Проза о неблизких путешествиях, совершенных автором за годы долгой гастрольной жизни (страница 10)
Вообще, евреи были очень заметной и процветающей группой в городе, и было их тысяч двадцать. И, разумеется, построены были две синагоги, открылась бесплатная столовая для неимущих (без различия национальности и вероисповедания), появились больницы и дом для престарелых. Руководил общиной человек немыслимой энергии, ума и милосердия – доктор Кауфман. Такие люди специальных жизнеописаний достойны.

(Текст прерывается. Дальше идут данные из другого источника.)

(* Let $\alpha\in(0,1)$, $k\ge1$ an integer, and $c=-\frac12\log\alpha$. Suppose $z_i\sim\mathcal N(\mu_i,2\mu_i)$ for $i=1,2,\dots$ with $0\le\mu_i\le\frac{-k\log\alpha}{2(k+i)}$ (where $\mathcal N(0,0)$ is the point mass at $0$). Then $$\mathbb E\,\#\{i\ge1:|z_i|>c\}\ \le\ C_3(\alpha)\,k,\qquad C_3(\alpha)=\int_0^\infty\Big[\Phi\Big(\tfrac{-(2+t)\sqrt c}{\sqrt{2+2t}}\Big)+1-\Phi\Big(\tfrac{t\sqrt c}{\sqrt{2+2t}}\Big)\Big]dt<\infty,$$ where $\Phi$ is the standard normal distribution function. *)

theory Defs
  imports "HOL-Probability.Probability"
begin

definition Phi :: "real \<Rightarrow> real" where
  "Phi x = measure (density lborel std_normal_density) {..x}"

definition normal_law_2m :: "real \<Rightarrow> real measure" where
  "normal_law_2m m = (if m = 0 then return borel 0
                      else density lborel (normal_density m (sqrt (2 * m))))"

definition C3 :: "real \<Rightarrow> ennreal" where
  "C3 \<alpha> = (let c = - (1/2) * ln \<alpha> in
     \<integral>\<^sup>+ t. ennreal (Phi (- (2 + t) * sqrt c / sqrt (2 + 2 * t))
                      + 1 - Phi (t * sqrt c / sqrt (2 + 2 * t)))
            * indicator {0..} t \<partial>lborel)"

end

theory Submission
  imports Defs
begin

text \<open>For \<open>t \<in> [i/k, (i+1)/k)\<close> the hypothesis on \<open>\<mu>\<^sub>i\<close> gives \<open>(1 + t) \<mu>\<^sub>i \<le> c\<close>, and under this
  constraint the standardized thresholds \<open>(\<plusminus>c - \<mu>\<^sub>i) / sqrt (2 \<mu>\<^sub>i)\<close> are dominated by those in
  the integrand of \<open>C\<^sub>3\<close>; hence \<open>P(|z\<^sub>i| > c)\<close> is at most the integrand at every point of an
  interval of length \<open>1/k\<close>, and summing over \<open>i\<close> gives \<open>k C\<^sub>3\<close>. The integrand is at most 2, and
  by Markov's inequality for the fourth moment of the standard normal it is \<open>O(t\<^sup>-\<^sup>2)\<close>, so \<open>C\<^sub>3\<close>
  is finite.\<close>

abbreviation std_normal :: "real measure" where
  "std_normal \<equiv> density lborel std_normal_density"

lemma prob_space_std_normal: "prob_space std_normal"
  by (rule prob_space_normal_density) simp

lemma Phi_mono: "x \<le> y \<Longrightarrow> Phi x \<le> Phi y"
proof -
  assume "x \<le> y"
  interpret prob_space std_normal by (rule prob_space_std_normal)
  show ?thesis unfolding Phi_def using \<open>x \<le> y\<close> by (intro finite_measure_mono) auto
qed

lemma Phi_nonneg: "0 \<le> Phi x" and Phi_le_1: "Phi x \<le> 1"
proof -
  interpret prob_space std_normal by (rule prob_space_std_normal)
  show "0 \<le> Phi x" "Phi x \<le> 1" unfolding Phi_def by auto
qed

lemma one_minus_Phi: "1 - Phi a = measure std_normal {a<..}"
proof -
  interpret prob_space std_normal by (rule prob_space_std_normal)
  have "measure std_normal (space std_normal - {..a}) = 1 - Phi a"
    unfolding Phi_def by (rule prob_compl) simp
  moreover have "space std_normal - {..a} = {a<..}" by auto
  ultimately show ?thesis by simp
qed

lemma measure_normal_density_atMost:
  assumes "0 < \<sigma>"
  shows "measure (density lborel (normal_density m \<sigma>)) {..x} = Phi ((x - m) / \<sigma>)"
proof -
  let ?N = "density lborel (normal_density m \<sigma>)"
  interpret N: prob_space ?N using assms by (rule prob_space_normal_density)
  have "distributed ?N lborel (\<lambda>x. x) (normal_density m \<sigma>)"
    unfolding distributed_def by (auto simp: distr_id2)
  then have std: "distributed ?N lborel (\<lambda>x. (x - m) / \<sigma>) std_normal_density"
    using N.normal_standard_normal_convert[OF assms] by simp
  have "Phi ((x - m) / \<sigma>) = measure (distr ?N lborel (\<lambda>x. (x - m) / \<sigma>)) {..(x - m) / \<sigma>}"
    unfolding Phi_def using distributed_distr_eq_density[OF std] by simp
  also have "\<dots> = measure ?N ((\<lambda>x. (x - m) / \<sigma>) -` {..(x - m) / \<sigma>} \<inter> space ?N)"
    by (rule measure_distr) auto
  also have "(\<lambda>x. (x - m) / \<sigma>) -` {..(x - m) / \<sigma>} \<inter> space ?N = {..x}"
    using assms by (auto simp: divide_le_cancel)
  finally show ?thesis by simp
qed

lemma std_normal_abs_ge_le:
  assumes "0 < a"
  shows "measure std_normal {x. a \<le> \<bar>x\<bar>} \<le> 3 / a ^ 4"
proof -
  interpret prob_space std_normal by (rule prob_space_std_normal)
  have "(fact (2 * 2) / (2 ^ 2 * fact 2) :: real) = 3"
    by (simp add: fact_numeral)
  then have moment: "has_bochner_integral lborel
      (\<lambda>x. std_normal_density x * x ^ (2 * 2) / a ^ 4) (3 / a ^ 4)"
    using has_bochner_integral_divide_zero[OF std_normal_moment_even[of 2], of "a ^ 4"] by simp
  have markov: "indicator {x. a \<le> \<bar>x\<bar>} x \<le> x ^ 4 / a ^ 4" for x :: real
  proof (cases "a \<le> \<bar>x\<bar>")
    case True
    then have "a ^ 4 \<le> \<bar>x\<bar> ^ 4" using assms by (intro power_mono) auto
    then show ?thesis using True assms by (simp add: le_divide_eq power_even_abs_numeral)
  qed auto
  have "emeasure std_normal {x. a \<le> \<bar>x\<bar>}
      = (\<integral>\<^sup>+ x. std_normal_density x * indicator {x. a \<le> \<bar>x\<bar>} x \<partial>lborel)"
    by (subst emeasure_density) (auto intro!: nn_integral_cong simp: ennreal_mult' ennreal_indicator)
  also have "\<dots> \<le> (\<integral>\<^sup>+ x. ennreal (std_normal_density x * x ^ (2 * 2) / a ^ 4) \<partial>lborel)"
  proof (intro nn_integral_mono ennreal_leI)
    fix x
    show "std_normal_density x * indicator {x. a \<le> \<bar>x\<bar>} x \<le> std_normal_density x * x ^ (2 * 2) / a ^ 4"
      using mult_left_mono[OF markov[of x], of "std_normal_density x"] by simp
  qed
  also have "\<dots> = ennreal (3 / a ^ 4)"
    using moment by (subst nn_integral_eq_integral)
      (auto simp: has_bochner_integral_iff intro!: divide_nonneg_nonneg)
  finally show ?thesis
    using assms by (simp add: emeasure_eq_measure)
qed

lemma Phi_two_sided_tail_le:
  assumes "0 < a" and "a \<le> b"
  shows "Phi (- b) + (1 - Phi a) \<le> 3 / a ^ 4"
proof -
  interpret prob_space std_normal by (rule prob_space_std_normal)
  have "Phi (- b) + (1 - Phi a) = measure std_normal ({..- b} \<union> {a<..})"
    unfolding one_minus_Phi unfolding Phi_def using assms
    by (subst finite_measure_Union) auto
  also have "\<dots> \<le> measure std_normal {x. a \<le> \<bar>x\<bar>}"
    using assms by (intro finite_measure_mono) auto
  also have "\<dots> \<le> 3 / a ^ 4"
    using assms(1) by (rule std_normal_abs_ge_le)
  finally show ?thesis .
qed

definition C3_integrand :: "real \<Rightarrow> real \<Rightarrow> real" where
  "C3_integrand c t = Phi (- (2 + t) * sqrt c / sqrt (2 + 2 * t)) + 1 - Phi (t * sqrt c / sqrt (2 + 2 * t))"

lemma C3_eq_integral:
  "C3 \<alpha> = (\<integral>\<^sup>+ t. ennreal (C3_integrand (- (1/2) * ln \<alpha>) t) * indicator {0..} t \<partial>lborel)"
  unfolding C3_def C3_integrand_def Let_def ..

lemma C3_integrand_le_2: "C3_integrand c t \<le> 2"
  unfolding C3_integrand_def using Phi_le_1 Phi_nonneg by (smt (verit))

lemma C3_integrand_le_inverse_square:
  assumes c: "0 < c" and t: "1 \<le> t"
  shows "C3_integrand c t \<le> 48 / c\<^sup>2 * t powr -2"
proof -
  define a where "a = t * sqrt c / sqrt (2 + 2 * t)"
  define b where "b = (2 + t) * sqrt c / sqrt (2 + 2 * t)"
  have a: "0 < a" using c t by (simp add: a_def)
  have "a \<le> b" unfolding a_def b_def using c t by (intro divide_right_mono mult_right_mono) auto
  have "C3_integrand c t = Phi (- b) + (1 - Phi a)"
    unfolding C3_integrand_def a_def b_def mult_minus_left divide_minus_left by simp
  also have "\<dots> \<le> 3 / a ^ 4"
    using a \<open>a \<le> b\<close> by (rule Phi_two_sided_tail_le)
  also have "\<dots> \<le> 3 / (t * c / 4)\<^sup>2"
  proof -
    have "t * c / 4 \<le> t\<^sup>2 * c / (2 + 2 * t)"
      using c t by (simp add: divide_simps power2_eq_square)
    also have "\<dots> = a\<^sup>2"
      using c t by (simp add: a_def power_divide power_mult_distrib)
    finally have "(t * c / 4)\<^sup>2 \<le> (a\<^sup>2)\<^sup>2" using c t by (intro power_mono) auto
    then show ?thesis
      using c t by (intro divide_left_mono mult_pos_pos) (auto simp: power_mult[symmetric])
  qed
  also have "\<dots> = 48 / c\<^sup>2 * t powr -2"
    using c t by (simp add: powr_minus powr_numeral divide_simps power_mult_distrib)
  finally show ?thesis .
qed

lemma nn_integral_powr_minus_2_atLeast_1:
  "(\<integral>\<^sup>+ t. ennreal (t powr -2) * indicator {1..} t \<partial>lborel) = 1"
proof -
  have "((\<lambda>x::real. x powr -2) has_integral 1) {1..}"
    using has_integral_powr_to_inf[of "-2" 1] by simp
  then have "((\<lambda>x::real. if x \<in> {1..} then x powr -2 else 0) has_integral 1) UNIV"
    using has_integral_restrict_UNIV[of "{1..}" "\<lambda>x::real. x powr -2" 1] by simp
  then have "(\<integral>\<^sup>+ t. ennreal (if t \<in> {1..} then t powr -2 else 0) \<partial>lborel) = ennreal 1"
    by (rule nn_integral_has_integral_lborel[rotated 2]) auto
  moreover have "ennreal (t powr -2) * indicator {1..} t = ennreal (if t \<in> {1..} then t powr -2 else 0)"
    for t :: real by (simp add: indicator_def)
  ultimately show ?thesis by simp
qed

lemma C3_finite:
  assumes "0 < \<alpha>" "\<alpha> < 1"
  shows "C3 \<alpha> < \<infinity>"
proof -
  define c where "c = - (1/2) * ln \<alpha>"
  have c: "0 < c" using assms by (simp add: c_def)
  have pointwise: "ennreal (C3_integrand c t) * indicator {0..} t
      \<le> 2 * indicator {0..1} t + ennreal (48 / c\<^sup>2) * (ennreal (t powr -2) * indicator {1..} t)" for t
  proof (cases "1 \<le> t")
    case True
    then show ?thesis
      using C3_integrand_le_inverse_square[OF c True]
      by (auto simp: ennreal_mult''[symmetric] intro!: add_increasing ennreal_leI)
  next
    case False
    then show ?thesis
      using ennreal_leI[OF C3_integrand_le_2[of c t]] by (simp add: indicator_def)
  qed
  have "C3 \<alpha> \<le> (\<integral>\<^sup>+ t. 2 * indicator {0..1} t
      + ennreal (48 / c\<^sup>2) * (ennreal (t powr -2) * indicator {1..} t) \<partial>lborel)"
    unfolding C3_eq_integral c_def[symmetric] by (rule nn_integral_mono) (rule pointwise)
  also have "\<dots> = 2 + ennreal (48 / c\<^sup>2)"
    by (subst nn_integral_add)
      (auto simp: nn_integral_cmult nn_integral_cmult_indicator nn_integral_powr_minus_2_atLeast_1)
  finally show ?thesis
    by (simp add: top.not_eq_extremum order_le_less_trans)
qed

lemma sqrt_ratio_cross_ineqs:
  fixes r s u :: real
  assumes "0 < r" "0 < s" "1 \<le> u" "u * s \<le> r"
  shows "(u\<^sup>2 + 1) * r * s \<le> (r\<^sup>2 + s\<^sup>2) * u"
    and "(u\<^sup>2 - 1) * r * s \<le> (r\<^sup>2 - s\<^sup>2) * u"
proof -
  have "s \<le> u * s" "r \<le> u * r" using assms by simp_all
  then have "0 \<le> (r - u * s) * (u * r - s)"
    using assms by (intro mult_nonneg_nonneg) linarith+
  then show "(u\<^sup>2 + 1) * r * s \<le> (r\<^sup>2 + s\<^sup>2) * u"
    by (simp add: algebra_simps power2_eq_square)
  have "0 \<le> (r - u * s) * (u * r + s)"
    using assms by (intro mult_nonneg_nonneg) auto
  then show "(u\<^sup>2 - 1) * r * s \<le> (r\<^sup>2 - s\<^sup>2) * u"
    by (simp add: algebra_simps power2_eq_square)
qed

lemma normal_2m_thresholds_le:
  fixes c \<mu> t :: real
  assumes c: "0 < c" and m: "0 < \<mu>" and t: "0 \<le> t" and le: "(1 + t) * \<mu> \<le> c"
  shows "(- c - \<mu>) / sqrt (2 * \<mu>) \<le> - (2 + t) * sqrt c / sqrt (2 + 2 * t)"
    and "t * sqrt c / sqrt (2 + 2 * t) \<le> (c - \<mu>) / sqrt (2 * \<mu>)"
proof -
  define r where "r = sqrt c"
  define s where "s = sqrt \<mu>"
  define u where "u = sqrt (1 + t)"
  have r: "0 < r" "r\<^sup>2 = c" using c by (auto simp: r_def)
  have s: "0 < s" "s\<^sup>2 = \<mu>" using m by (auto simp: s_def)
  have u: "1 \<le> u" "u\<^sup>2 = 1 + t" using t by (auto simp: u_def)
  have sqrt_2\<mu>: "sqrt (2 * \<mu>) = sqrt 2 * s" by (simp add: s_def real_sqrt_mult)
  have sqrt_2t: "sqrt (2 + 2 * t) = sqrt 2 * u"
    by (simp add: u_def real_sqrt_mult[symmetric] algebra_simps)
  have "sqrt ((1 + t) * \<mu>) \<le> sqrt c" using le by simp
  then have "u * s \<le> r" by (simp add: u_def s_def r_def real_sqrt_mult)
  note cross = sqrt_ratio_cross_ineqs[OF r(1) s(1) u(1) this]
  have "(- c - \<mu>) / sqrt (2 * \<mu>) = - (r\<^sup>2 + s\<^sup>2) / (sqrt 2 * s)"
    using r s sqrt_2\<mu> by simp
  also have "\<dots> \<le> - (u\<^sup>2 + 1) * r / (sqrt 2 * u)"
    using cross(1) u s by (simp add: divide_simps) (simp add: algebra_simps)
  also have "\<dots> = - (2 + t) * sqrt c / sqrt (2 + 2 * t)"
    using u sqrt_2t by (simp add: r_def)
  finally show "(- c - \<mu>) / sqrt (2 * \<mu>) \<le> - (2 + t) * sqrt c / sqrt (2 + 2 * t)" .
  have "t * sqrt c / sqrt (2 + 2 * t) = (u\<^sup>2 - 1) * r / (sqrt 2 * u)"
    using u sqrt_2t by (simp add: r_def)
  also have "\<dots> \<le> (r\<^sup>2 - s\<^sup>2) / (sqrt 2 * s)"
    using cross(2) u s by (simp add: divide_simps)
  also have "\<dots> = (c - \<mu>) / sqrt (2 * \<mu>)"
    using r s sqrt_2\<mu> by simp
  finally show "t * sqrt c / sqrt (2 + 2 * t) \<le> (c - \<mu>) / sqrt (2 * \<mu>)" .
qed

Нет, я погорячился, конечно, написав, что ветры времени обходили стороной этот островок покоя и благополучия. Споры о России и ее судьбе тут не стихали и порою достигали высокого накала.
А еще – мне это очень интересным показалось в читанных мной о Харбине книжках – тут возникла Русская фашистская партия, цель которой формулировалась ясно и однозначно: «Освобождение Родины от еврейского коммунизма любой ценой». Даже была открыта ими Высшая партийная школа. Несколько тысяч человек насчитывала эта организация. Но самое забавное в ней было – небывалое количество отребья, которое добывало деньги для нужд партийной жизни – точно так же, как большевики времен достославного Камо и еще не известного никому Джугашвили: разбоем. Только не банки они грабили, а похищали людей и требовали выкуп. Всего за полтора года они похитили двенадцать человек (из которых восемь были, кстати, евреями, что много говорит об уровне еврейской жизни в городе). И нескольких убили, хотя выкуп был уплачен. Эту гнусную партию разогнали пришедшие сюда японцы.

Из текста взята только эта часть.